▶ WHAT IS NEEDED
From the first line to the last, give the data again exactly.
DATA FOR THIS EXERCISE: Begin
lemma ore_cont_multiplier_coprime:
  assumes pid: "pid_type TYPE('a)" and p: "prime_elem p" and L: "\<not> [:[:p:]:] dvd L"
    and Q: "Q \<in> ore_cont \<sigma> \<delta> L"
  obtains v P where "v \<noteq> 0" "\<not> [:p:] dvd v" "smult v Q = omult P L"
proof -
  define S where "S = {lead_coeff v | v. v \<noteq> 0 \<and> (\<exists>P. smult v Q = omult P L)}"
  obtain v0 P0 where "v0 \<noteq> 0" "smult v0 Q = omult P0 L"
    using Q by (rule ore_cont_clear_denominators)
  then have "lead_coeff v0 \<in> S"
    unfolding S_def by blast
  then obtain z where "z \<in> S" and min: "\<And>y. (y, z) \<in> strict_dvd_rel \<Longrightarrow> y \<notin> S"
    using wfE_min[OF wf_strict_dvd_rel[OF pid]] by metis
  then obtain v P where v: "z = lead_coeff v" "v \<noteq> 0" and vQ: "smult v Q = omult P L"
    unfolding S_def by blast
  have "\<not> [:p:] dvd v"
  proof
    \<comment> \<open>Dividing the multiplier by \<open>p\<close> would make its leading coefficient strictly smaller.\<close>
    assume "[:p:] dvd v"
    then obtain v1 where v1: "v = [:p:] * v1" ..
    with vQ have "smult [:p:] (smult v1 Q) = omult P L"
      by (simp add: smult_smult)
    then obtain P1 where "smult v1 Q = omult P1 L"
      using omult_cancel_const[OF p L] by metis
    moreover have "v1 \<noteq> 0"
      using v v1 by auto
    ultimately have "lead_coeff v1 \<in> S"
      unfolding S_def by blast
    moreover have "(lead_coeff v1, z) \<in> strict_dvd_rel"
      using strict_dvd_rel_prime_cofactor[OF p] \<open>v1 \<noteq> 0\<close> v v1 by (simp add: lead_coeff_mult)
    ultimately show False
      using min by blast
  qed
  with v vQ show thesis
    using that by blast
qed

lemma ore_cont_lead_coeff_multiplier:
  assumes pid: "pid_type TYPE('a)" and p: "prime_elem p" and L: "\<not> [:[:p:]:] dvd L"
    and lc: "[:c:] dvd lead_coeff L" and Q: "Q \<in> ore_cont \<sigma> \<delta> L" "Q \<noteq> 0"
  shows "\<exists>u. \<not> [:p:] dvd u \<and> [:c:] dvd u * lead_coeff Q"
proof -
  obtain v P where v: "v \<noteq> 0" "\<not> [:p:] dvd v" and vQ: "smult v Q = omult P L"
    using ore_cont_multiplier_coprime[OF pid p L Q(1)] .
  have "P \<noteq> 0" "L \<noteq> 0"
    using v(1) vQ Q(2) L by auto
  then have "v * lead_coeff Q = lead_coeff P * (\<sigma> ^^ degree P) (lead_coeff L)"
    by (metis lead_coeff_omult lead_coeff_smult vQ)
  moreover have "[:c:] dvd (\<sigma> ^^ degree P) (lead_coeff L)"
    using lc gamma_unit by (simp add: const_dvd_sigma_of_pow_iff)
  ultimately show ?thesis
    using v(2) by (metis dvd_mult)
qed

end

lemma R_primitive_not_const_dvd:
  assumes prim: "R_primitive L" and p: "prime_elem (p :: 'a::idom)"
  shows "\<not> [:[:p:]:] dvd L"
proof
  assume "[:[:p:]:] dvd L"
  then obtain K where K: "L = [:[:p:]:] * K" ..
  obtain a f where af: "\<And>i. coeff L i = smult (a i) (f i)" "\<And>i. primitive_R (f i)"
    and gcd: "\<And>d. (\<forall>i\<le>degree L. d dvd a i) \<Longrightarrow> d dvd 1"
    using prim unfolding R_primitive_def by blast
  have "p dvd a i" for i
  proof -
    have "[:a i:] * f i = [:p:] * coeff K i"
      using af(1)[of i] K by simp
    then have "[:p:] dvd [:a i:] * f i" ..
    moreover have "\<not> [:p:] dvd f i"
      using af(2)[of i] p by (auto simp: primitive_R_def const_poly_dvd_iff prime_elem_def)
    ultimately have "[:p:] dvd [:a i:]"
      using p prime_elem_const_poly_iff prime_elem_dvd_multD by blast
    then show ?thesis
      by simp
  qed
  with gcd have "p dvd 1"
    by blast
  with p show False
    by (simp add: prime_elem_def)
qed

theorem mainTheorem4:
  fixes \<gamma> \<tau> c :: "'a::idom"
    and \<delta> :: "'a poly \<Rightarrow> 'a poly"
    and L :: "'a poly poly"
  assumes pid: "pid_type TYPE('a)"
    and gamma_unit: "\<gamma> dvd 1"
    and delta_add: "\<And>p q. \<delta> (p + q) = \<delta> p + \<delta> q"
    and delta_lin: "\<And>r p. \<delta> (smult r p) = smult r (\<delta> p)"
    and delta_deriv: "\<And>f g. \<delta> (f * g) = sigma_of \<gamma> \<tau> f * \<delta> g + \<delta> f * g"
    and delta_x: "degree (\<delta> [:0, 1:]) \<le> 1"
    and ord: "degree L > 0"
    and nonunit: "\<not> c dvd 1"
    and prim: "R_primitive L"
    and dvd_lc: "[:c:] dvd lead_coeff L"
  shows "\<forall>Q \<in> ore_cont (sigma_of \<gamma> \<tau>) \<delta> L - {0}. [:c:] dvd lead_coeff Q"
proof
  interpret ore_algebra \<gamma> \<tau> \<delta>
    by unfold_locales (fact gamma_unit delta_add delta_lin delta_deriv)+
  fix Q assume Q: "Q \<in> ore_cont \<sigma> \<delta> L - {0}"
  have "c \<noteq> 0"
    using dvd_lc ord by auto
  then show "[:c:] dvd lead_coeff Q"
  proof (rule const_poly_dvd_by_prime_multipliers[OF pid])
    fix p :: 'a assume "prime_elem p"
    then show "\<exists>u. \<not> [:p:] dvd u \<and> [:c:] dvd u * lead_coeff Q"
      using ore_cont_lead_coeff_multiplier[OF pid _ R_primitive_not_const_dvd[OF prim] dvd_lc] Q
      by blast
  qed
qed

end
DATA FOR THIS EXERCISE: End
▶ FINISHED EXERCISE
lemma ore_cont_multiplier_coprime:
  assumes pid: "pid_type TYPE('a)" and p: "prime_elem p" and L: "\<not> [:[:p:]:] dvd L"
    and Q: "Q \<in> ore_cont \<sigma> \<delta> L"
  obtains v P where "v \<noteq> 0" "\<not> [:p:] dvd v" "smult v Q = omult P L"
proof -
  define S where "S = {lead_coeff v | v. v \<noteq> 0 \<and> (\<exists>P. smult v Q = omult P L)}"
  obtain v0 P0 where "v0 \<noteq> 0" "smult v0 Q = omult P0 L"
    using Q by (rule ore_cont_clear_denominators)
  then have "lead_coeff v0 \<in> S"
    unfolding S_def by blast
  then obtain z where "z \<in> S" and min: "\<And>y. (y, z) \<in> strict_dvd_rel \<Longrightarrow> y \<notin> S"
    using wfE_min[OF wf_strict_dvd_rel[OF pid]] by metis
  then obtain v P where v: "z = lead_coeff v" "v \<noteq> 0" and vQ: "smult v Q = omult P L"
    unfolding S_def by blast
  have "\<not> [:p:] dvd v"
  proof
    \<comment> \<open>Dividing the multiplier by \<open>p\<close> would make its leading coefficient strictly smaller.\<close>
    assume "[:p:] dvd v"
    then obtain v1 where v1: "v = [:p:] * v1" ..
    with vQ have "smult [:p:] (smult v1 Q) = omult P L"
      by (simp add: smult_smult)
    then obtain P1 where "smult v1 Q = omult P1 L"
      using omult_cancel_const[OF p L] by metis
    moreover have "v1 \<noteq> 0"
      using v v1 by auto
    ultimately have "lead_coeff v1 \<in> S"
      unfolding S_def by blast
    moreover have "(lead_coeff v1, z) \<in> strict_dvd_rel"
      using strict_dvd_rel_prime_cofactor[OF p] \<open>v1 \<noteq> 0\<close> v v1 by (simp add: lead_coeff_mult)
    ultimately show False
      using min by blast
  qed
  with v vQ show thesis
    using that by blast
qed

lemma ore_cont_lead_coeff_multiplier:
  assumes pid: "pid_type TYPE('a)" and p: "prime_elem p" and L: "\<not> [:[:p:]:] dvd L"
    and lc: "[:c:] dvd lead_coeff L" and Q: "Q \<in> ore_cont \<sigma> \<delta> L" "Q \<noteq> 0"
  shows "\<exists>u. \<not> [:p:] dvd u \<and> [:c:] dvd u * lead_coeff Q"
proof -
  obtain v P where v: "v \<noteq> 0" "\<not> [:p:] dvd v" and vQ: "smult v Q = omult P L"
    using ore_cont_multiplier_coprime[OF pid p L Q(1)] .
  have "P \<noteq> 0" "L \<noteq> 0"
    using v(1) vQ Q(2) L by auto
  then have "v * lead_coeff Q = lead_coeff P * (\<sigma> ^^ degree P) (lead_coeff L)"
    by (metis lead_coeff_omult lead_coeff_smult vQ)
  moreover have "[:c:] dvd (\<sigma> ^^ degree P) (lead_coeff L)"
    using lc gamma_unit by (simp add: const_dvd_sigma_of_pow_iff)
  ultimately show ?thesis
    using v(2) by (metis dvd_mult)
qed

end

lemma R_primitive_not_const_dvd:
  assumes prim: "R_primitive L" and p: "prime_elem (p :: 'a::idom)"
  shows "\<not> [:[:p:]:] dvd L"
proof
  assume "[:[:p:]:] dvd L"
  then obtain K where K: "L = [:[:p:]:] * K" ..
  obtain a f where af: "\<And>i. coeff L i = smult (a i) (f i)" "\<And>i. primitive_R (f i)"
    and gcd: "\<And>d. (\<forall>i\<le>degree L. d dvd a i) \<Longrightarrow> d dvd 1"
    using prim unfolding R_primitive_def by blast
  have "p dvd a i" for i
  proof -
    have "[:a i:] * f i = [:p:] * coeff K i"
      using af(1)[of i] K by simp
    then have "[:p:] dvd [:a i:] * f i" ..
    moreover have "\<not> [:p:] dvd f i"
      using af(2)[of i] p by (auto simp: primitive_R_def const_poly_dvd_iff prime_elem_def)
    ultimately have "[:p:] dvd [:a i:]"
      using p prime_elem_const_poly_iff prime_elem_dvd_multD by blast
    then show ?thesis
      by simp
  qed
  with gcd have "p dvd 1"
    by blast
  with p show False
    by (simp add: prime_elem_def)
qed

theorem mainTheorem4:
  fixes \<gamma> \<tau> c :: "'a::idom"
    and \<delta> :: "'a poly \<Rightarrow> 'a poly"
    and L :: "'a poly poly"
  assumes pid: "pid_type TYPE('a)"
    and gamma_unit: "\<gamma> dvd 1"
    and delta_add: "\<And>p q. \<delta> (p + q) = \<delta> p + \<delta> q"
    and delta_lin: "\<And>r p. \<delta> (smult r p) = smult r (\<delta> p)"
    and delta_deriv: "\<And>f g. \<delta> (f * g) = sigma_of \<gamma> \<tau> f * \<delta> g + \<delta> f * g"
    and delta_x: "degree (\<delta> [:0, 1:]) \<le> 1"
    and ord: "degree L > 0"
    and nonunit: "\<not> c dvd 1"
    and prim: "R_primitive L"
    and dvd_lc: "[:c:] dvd lead_coeff L"
  shows "\<forall>Q \<in> ore_cont (sigma_of \<gamma> \<tau>) \<delta> L - {0}. [:c:] dvd lead_coeff Q"
proof
  interpret ore_algebra \<gamma> \<tau> \<delta>
    by unfold_locales (fact gamma_unit delta_add delta_lin delta_deriv)+
  fix Q assume Q: "Q \<in> ore_cont \<sigma> \<delta> L - {0}"
  have "c \<noteq> 0"
    using dvd_lc ord by auto
  then show "[:c:] dvd lead_coeff Q"
  proof (rule const_poly_dvd_by_prime_multipliers[OF pid])
    fix p :: 'a assume "prime_elem p"
    then show "\<exists>u. \<not> [:p:] dvd u \<and> [:c:] dvd u * lead_coeff Q"
      using ore_cont_lead_coeff_multiplier[OF pid _ R_primitive_not_const_dvd[OF prim] dvd_lc] Q
      by blast
  qed
qed

end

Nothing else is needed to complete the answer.